§ **Required work**: Would you quote the material below from its first line through the line containing "k) rate) \<in>", exactly and with both ends included?
*** Block opens ***
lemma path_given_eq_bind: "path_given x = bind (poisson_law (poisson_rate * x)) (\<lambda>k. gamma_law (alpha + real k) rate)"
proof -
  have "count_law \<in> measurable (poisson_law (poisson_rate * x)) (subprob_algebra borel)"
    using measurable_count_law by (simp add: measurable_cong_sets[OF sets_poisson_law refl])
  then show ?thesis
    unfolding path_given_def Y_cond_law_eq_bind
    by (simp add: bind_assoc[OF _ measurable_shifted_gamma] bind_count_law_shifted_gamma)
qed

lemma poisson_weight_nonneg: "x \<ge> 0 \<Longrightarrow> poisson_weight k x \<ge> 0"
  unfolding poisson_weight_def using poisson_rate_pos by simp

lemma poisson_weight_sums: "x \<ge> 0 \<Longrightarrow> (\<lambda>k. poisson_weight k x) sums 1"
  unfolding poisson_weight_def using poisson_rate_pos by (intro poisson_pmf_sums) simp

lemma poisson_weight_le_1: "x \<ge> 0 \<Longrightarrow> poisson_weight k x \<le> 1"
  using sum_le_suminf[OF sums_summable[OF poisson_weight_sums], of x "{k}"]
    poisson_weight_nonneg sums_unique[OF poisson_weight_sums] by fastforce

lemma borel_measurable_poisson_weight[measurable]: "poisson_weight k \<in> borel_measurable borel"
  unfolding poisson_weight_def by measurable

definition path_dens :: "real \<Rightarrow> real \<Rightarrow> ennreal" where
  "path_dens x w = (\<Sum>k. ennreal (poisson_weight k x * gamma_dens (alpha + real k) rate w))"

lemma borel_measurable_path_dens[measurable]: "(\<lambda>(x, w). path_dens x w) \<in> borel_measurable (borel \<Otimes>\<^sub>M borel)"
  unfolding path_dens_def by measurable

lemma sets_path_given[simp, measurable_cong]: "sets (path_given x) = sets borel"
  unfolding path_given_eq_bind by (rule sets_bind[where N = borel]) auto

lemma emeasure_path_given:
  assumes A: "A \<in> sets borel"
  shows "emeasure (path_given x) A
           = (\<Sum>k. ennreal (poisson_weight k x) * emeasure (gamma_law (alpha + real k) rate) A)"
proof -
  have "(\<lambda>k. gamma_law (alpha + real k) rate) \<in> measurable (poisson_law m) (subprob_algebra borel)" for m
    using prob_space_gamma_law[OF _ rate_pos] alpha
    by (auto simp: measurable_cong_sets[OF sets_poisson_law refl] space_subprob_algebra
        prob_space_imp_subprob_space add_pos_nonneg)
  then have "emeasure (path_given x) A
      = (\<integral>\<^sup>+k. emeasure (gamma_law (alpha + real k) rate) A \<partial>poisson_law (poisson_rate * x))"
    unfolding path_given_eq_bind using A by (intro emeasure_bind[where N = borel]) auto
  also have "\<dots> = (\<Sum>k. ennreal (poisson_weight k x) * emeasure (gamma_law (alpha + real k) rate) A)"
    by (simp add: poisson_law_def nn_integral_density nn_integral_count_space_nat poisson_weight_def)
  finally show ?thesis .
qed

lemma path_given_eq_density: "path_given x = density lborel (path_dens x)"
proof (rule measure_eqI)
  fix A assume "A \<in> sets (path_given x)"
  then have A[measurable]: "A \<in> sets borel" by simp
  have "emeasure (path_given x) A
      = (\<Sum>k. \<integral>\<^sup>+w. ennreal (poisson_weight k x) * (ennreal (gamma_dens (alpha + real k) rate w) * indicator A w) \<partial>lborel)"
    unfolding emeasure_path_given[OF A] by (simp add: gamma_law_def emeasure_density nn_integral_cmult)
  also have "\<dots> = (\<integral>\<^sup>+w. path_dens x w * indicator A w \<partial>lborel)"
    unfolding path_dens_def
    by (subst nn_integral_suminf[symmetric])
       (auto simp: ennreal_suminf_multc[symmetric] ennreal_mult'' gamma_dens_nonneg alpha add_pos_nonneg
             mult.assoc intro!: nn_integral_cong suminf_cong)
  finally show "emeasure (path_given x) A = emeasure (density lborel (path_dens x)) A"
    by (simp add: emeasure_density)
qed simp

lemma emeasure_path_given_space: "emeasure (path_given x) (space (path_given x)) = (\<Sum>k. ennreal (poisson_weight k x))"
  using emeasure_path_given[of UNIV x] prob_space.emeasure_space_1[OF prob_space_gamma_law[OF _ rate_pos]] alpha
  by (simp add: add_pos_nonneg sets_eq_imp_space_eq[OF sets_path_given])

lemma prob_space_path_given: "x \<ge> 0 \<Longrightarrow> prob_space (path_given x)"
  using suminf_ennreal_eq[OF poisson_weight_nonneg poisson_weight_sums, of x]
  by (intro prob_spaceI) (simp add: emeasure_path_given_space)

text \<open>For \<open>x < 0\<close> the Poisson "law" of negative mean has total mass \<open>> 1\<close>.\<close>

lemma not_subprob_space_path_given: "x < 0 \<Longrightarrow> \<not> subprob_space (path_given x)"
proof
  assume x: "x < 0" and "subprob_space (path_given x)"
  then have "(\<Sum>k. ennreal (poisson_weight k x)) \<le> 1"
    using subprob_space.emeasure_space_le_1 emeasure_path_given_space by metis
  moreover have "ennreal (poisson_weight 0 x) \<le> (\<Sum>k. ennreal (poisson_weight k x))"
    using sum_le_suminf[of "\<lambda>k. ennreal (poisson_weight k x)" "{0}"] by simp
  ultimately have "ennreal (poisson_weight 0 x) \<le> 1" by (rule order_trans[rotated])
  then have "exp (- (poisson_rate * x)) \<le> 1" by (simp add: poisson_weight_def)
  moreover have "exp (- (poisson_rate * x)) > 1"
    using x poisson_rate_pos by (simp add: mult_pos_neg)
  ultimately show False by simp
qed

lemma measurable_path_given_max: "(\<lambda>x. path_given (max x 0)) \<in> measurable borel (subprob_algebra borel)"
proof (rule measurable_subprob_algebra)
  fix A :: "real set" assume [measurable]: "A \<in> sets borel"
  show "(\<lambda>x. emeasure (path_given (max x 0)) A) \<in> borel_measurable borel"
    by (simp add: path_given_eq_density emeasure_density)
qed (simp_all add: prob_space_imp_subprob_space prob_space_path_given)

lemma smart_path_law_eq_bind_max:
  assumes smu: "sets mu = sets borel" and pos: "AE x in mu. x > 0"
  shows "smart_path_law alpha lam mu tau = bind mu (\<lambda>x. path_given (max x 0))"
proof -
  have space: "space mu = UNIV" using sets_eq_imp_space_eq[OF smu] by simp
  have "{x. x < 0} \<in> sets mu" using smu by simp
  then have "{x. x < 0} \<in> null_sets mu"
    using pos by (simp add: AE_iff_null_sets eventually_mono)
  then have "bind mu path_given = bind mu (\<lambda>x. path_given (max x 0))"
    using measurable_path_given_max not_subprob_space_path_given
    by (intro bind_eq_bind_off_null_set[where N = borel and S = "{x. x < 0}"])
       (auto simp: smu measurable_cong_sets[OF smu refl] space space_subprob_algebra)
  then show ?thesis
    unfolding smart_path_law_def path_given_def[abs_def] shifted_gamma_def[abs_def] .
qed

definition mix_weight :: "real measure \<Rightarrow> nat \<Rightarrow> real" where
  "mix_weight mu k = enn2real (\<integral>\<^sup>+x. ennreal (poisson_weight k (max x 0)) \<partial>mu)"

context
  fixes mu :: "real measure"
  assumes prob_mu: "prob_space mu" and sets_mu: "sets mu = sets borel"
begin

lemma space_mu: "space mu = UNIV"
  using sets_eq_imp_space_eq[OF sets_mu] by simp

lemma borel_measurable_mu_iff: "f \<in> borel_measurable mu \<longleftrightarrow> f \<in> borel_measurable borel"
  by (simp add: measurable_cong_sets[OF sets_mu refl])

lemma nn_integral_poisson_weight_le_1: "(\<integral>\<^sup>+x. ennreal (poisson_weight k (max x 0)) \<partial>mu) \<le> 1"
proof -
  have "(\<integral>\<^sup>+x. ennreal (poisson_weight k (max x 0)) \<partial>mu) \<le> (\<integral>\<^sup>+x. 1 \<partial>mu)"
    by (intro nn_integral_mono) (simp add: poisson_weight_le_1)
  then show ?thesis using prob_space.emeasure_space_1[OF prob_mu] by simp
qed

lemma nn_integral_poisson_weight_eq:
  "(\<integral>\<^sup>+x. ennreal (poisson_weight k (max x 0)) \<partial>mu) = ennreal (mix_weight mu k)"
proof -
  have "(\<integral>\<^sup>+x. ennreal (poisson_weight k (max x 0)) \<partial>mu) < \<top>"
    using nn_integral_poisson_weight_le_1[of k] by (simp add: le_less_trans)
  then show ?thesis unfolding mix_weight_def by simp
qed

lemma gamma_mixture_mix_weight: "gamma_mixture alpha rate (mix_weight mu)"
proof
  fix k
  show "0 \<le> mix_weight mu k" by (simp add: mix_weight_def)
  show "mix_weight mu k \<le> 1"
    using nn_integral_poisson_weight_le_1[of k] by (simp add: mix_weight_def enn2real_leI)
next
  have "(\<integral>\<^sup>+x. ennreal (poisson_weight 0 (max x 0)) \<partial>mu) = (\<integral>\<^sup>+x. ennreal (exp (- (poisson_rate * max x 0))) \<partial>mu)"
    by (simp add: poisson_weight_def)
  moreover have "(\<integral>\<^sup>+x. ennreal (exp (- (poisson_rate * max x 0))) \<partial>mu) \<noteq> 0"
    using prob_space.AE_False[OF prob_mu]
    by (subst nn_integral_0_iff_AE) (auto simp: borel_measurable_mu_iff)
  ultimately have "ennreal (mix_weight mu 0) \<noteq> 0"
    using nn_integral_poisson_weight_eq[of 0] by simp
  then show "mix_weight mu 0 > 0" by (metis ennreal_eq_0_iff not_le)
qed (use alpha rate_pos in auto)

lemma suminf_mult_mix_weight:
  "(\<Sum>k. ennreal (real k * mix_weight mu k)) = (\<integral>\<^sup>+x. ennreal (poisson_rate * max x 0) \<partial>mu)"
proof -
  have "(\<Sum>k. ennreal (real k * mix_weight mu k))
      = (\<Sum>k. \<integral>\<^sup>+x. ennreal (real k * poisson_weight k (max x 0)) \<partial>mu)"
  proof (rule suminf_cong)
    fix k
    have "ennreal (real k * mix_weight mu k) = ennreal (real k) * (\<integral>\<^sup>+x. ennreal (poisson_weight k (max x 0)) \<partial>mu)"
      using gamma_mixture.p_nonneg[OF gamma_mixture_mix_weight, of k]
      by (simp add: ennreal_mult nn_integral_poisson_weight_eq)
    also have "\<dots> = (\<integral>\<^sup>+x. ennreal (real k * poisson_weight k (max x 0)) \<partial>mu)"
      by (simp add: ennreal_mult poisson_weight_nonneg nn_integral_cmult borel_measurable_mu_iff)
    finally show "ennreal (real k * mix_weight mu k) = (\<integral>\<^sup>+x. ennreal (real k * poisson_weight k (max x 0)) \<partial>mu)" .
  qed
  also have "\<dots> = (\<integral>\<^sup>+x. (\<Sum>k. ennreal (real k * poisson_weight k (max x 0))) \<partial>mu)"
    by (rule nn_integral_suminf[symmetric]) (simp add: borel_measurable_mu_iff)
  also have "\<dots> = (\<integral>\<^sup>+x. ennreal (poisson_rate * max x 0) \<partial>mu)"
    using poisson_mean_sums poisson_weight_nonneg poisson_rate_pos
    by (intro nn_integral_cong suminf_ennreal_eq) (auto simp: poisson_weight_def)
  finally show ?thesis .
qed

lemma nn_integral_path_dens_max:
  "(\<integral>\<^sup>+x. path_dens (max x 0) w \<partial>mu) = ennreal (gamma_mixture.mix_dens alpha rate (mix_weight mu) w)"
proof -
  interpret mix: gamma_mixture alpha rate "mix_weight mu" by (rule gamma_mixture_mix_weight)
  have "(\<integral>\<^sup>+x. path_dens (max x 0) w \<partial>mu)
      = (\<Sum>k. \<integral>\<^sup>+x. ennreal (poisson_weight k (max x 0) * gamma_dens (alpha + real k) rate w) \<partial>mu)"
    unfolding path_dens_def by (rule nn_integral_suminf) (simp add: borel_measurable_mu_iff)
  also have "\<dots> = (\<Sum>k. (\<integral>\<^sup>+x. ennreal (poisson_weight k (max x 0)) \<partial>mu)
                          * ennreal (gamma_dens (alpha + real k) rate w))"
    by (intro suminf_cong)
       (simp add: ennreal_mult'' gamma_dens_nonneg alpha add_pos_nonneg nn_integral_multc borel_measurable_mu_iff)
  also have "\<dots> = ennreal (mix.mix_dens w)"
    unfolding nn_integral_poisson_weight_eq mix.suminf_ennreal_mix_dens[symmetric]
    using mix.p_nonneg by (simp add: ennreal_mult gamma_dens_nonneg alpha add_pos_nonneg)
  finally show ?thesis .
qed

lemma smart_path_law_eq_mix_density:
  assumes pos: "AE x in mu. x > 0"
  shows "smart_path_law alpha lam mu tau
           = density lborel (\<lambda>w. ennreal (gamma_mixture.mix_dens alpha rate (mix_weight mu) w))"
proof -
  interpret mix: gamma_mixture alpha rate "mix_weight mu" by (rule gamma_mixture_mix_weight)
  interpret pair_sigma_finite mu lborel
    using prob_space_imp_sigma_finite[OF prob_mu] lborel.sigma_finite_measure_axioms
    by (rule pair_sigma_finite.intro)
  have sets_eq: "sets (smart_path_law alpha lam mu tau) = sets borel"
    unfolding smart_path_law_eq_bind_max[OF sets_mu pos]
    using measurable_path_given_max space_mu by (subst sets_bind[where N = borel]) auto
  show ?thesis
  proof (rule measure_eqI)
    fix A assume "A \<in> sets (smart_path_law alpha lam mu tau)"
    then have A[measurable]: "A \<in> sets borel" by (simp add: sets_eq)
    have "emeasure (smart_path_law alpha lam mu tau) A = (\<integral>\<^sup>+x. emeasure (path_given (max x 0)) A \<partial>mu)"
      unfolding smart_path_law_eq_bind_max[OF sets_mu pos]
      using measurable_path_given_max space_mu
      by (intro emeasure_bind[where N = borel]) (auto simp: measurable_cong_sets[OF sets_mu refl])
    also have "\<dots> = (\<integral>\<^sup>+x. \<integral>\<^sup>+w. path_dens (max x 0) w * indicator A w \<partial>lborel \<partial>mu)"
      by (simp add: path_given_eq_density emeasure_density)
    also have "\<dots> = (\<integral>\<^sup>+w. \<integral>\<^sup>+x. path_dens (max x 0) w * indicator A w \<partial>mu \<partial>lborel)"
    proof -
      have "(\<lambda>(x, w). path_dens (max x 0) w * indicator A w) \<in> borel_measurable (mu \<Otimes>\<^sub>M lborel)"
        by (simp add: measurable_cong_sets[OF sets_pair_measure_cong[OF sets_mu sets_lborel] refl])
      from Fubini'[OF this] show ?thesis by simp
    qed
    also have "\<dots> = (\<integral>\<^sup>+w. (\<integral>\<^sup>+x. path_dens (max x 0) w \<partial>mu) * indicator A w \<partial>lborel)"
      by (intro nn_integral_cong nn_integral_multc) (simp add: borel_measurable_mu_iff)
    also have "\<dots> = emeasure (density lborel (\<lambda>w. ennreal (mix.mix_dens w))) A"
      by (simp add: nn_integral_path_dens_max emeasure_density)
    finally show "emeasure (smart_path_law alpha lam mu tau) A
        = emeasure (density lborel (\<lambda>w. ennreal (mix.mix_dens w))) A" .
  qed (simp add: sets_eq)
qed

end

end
*** Block closes ***
§ **Finished task**:
lemma path_given_eq_bind: "path_given x = bind (poisson_law (poisson_rate * x)) (\<lambda>k. gamma_law (alpha + real k) rate)"
proof -
  have "count_law \<in> measurable (poisson_law (poisson_rate * x)) (subprob_algebra borel)"
    using measurable_count_law by (simp add: measurable_cong_sets[OF sets_poisson_law refl])
  then show ?thesis
    unfolding path_given_def Y_cond_law_eq_bind
    by (simp add: bind_assoc[OF _ measurable_shifted_gamma] bind_count_law_shifted_gamma)
qed

lemma poisson_weight_nonneg: "x \<ge> 0 \<Longrightarrow> poisson_weight k x \<ge> 0"
  unfolding poisson_weight_def using poisson_rate_pos by simp

lemma poisson_weight_sums: "x \<ge> 0 \<Longrightarrow> (\<lambda>k. poisson_weight k x) sums 1"
  unfolding poisson_weight_def using poisson_rate_pos by (intro poisson_pmf_sums) simp

lemma poisson_weight_le_1: "x \<ge> 0 \<Longrightarrow> poisson_weight k x \<le> 1"
  using sum_le_suminf[OF sums_summable[OF poisson_weight_sums], of x "{k}"]
    poisson_weight_nonneg sums_unique[OF poisson_weight_sums] by fastforce

lemma borel_measurable_poisson_weight[measurable]: "poisson_weight k \<in> borel_measurable borel"
  unfolding poisson_weight_def by measurable

definition path_dens :: "real \<Rightarrow> real \<Rightarrow> ennreal" where
  "path_dens x w = (\<Sum>k. ennreal (poisson_weight k x * gamma_dens (alpha + real k) rate w))"

lemma borel_measurable_path_dens[measurable]: "(\<lambda>(x, w). path_dens x w) \<in> borel_measurable (borel \<Otimes>\<^sub>M borel)"
  unfolding path_dens_def by measurable

lemma sets_path_given[simp, measurable_cong]: "sets (path_given x) = sets borel"
  unfolding path_given_eq_bind by (rule sets_bind[where N = borel]) auto

lemma emeasure_path_given:
  assumes A: "A \<in> sets borel"
  shows "emeasure (path_given x) A
           = (\<Sum>k. ennreal (poisson_weight k x) * emeasure (gamma_law (alpha + real k) rate) A)"
proof -
  have "(\<lambda>k. gamma_law (alpha + real k) rate) \<in> measurable (poisson_law m) (subprob_algebra borel)" for m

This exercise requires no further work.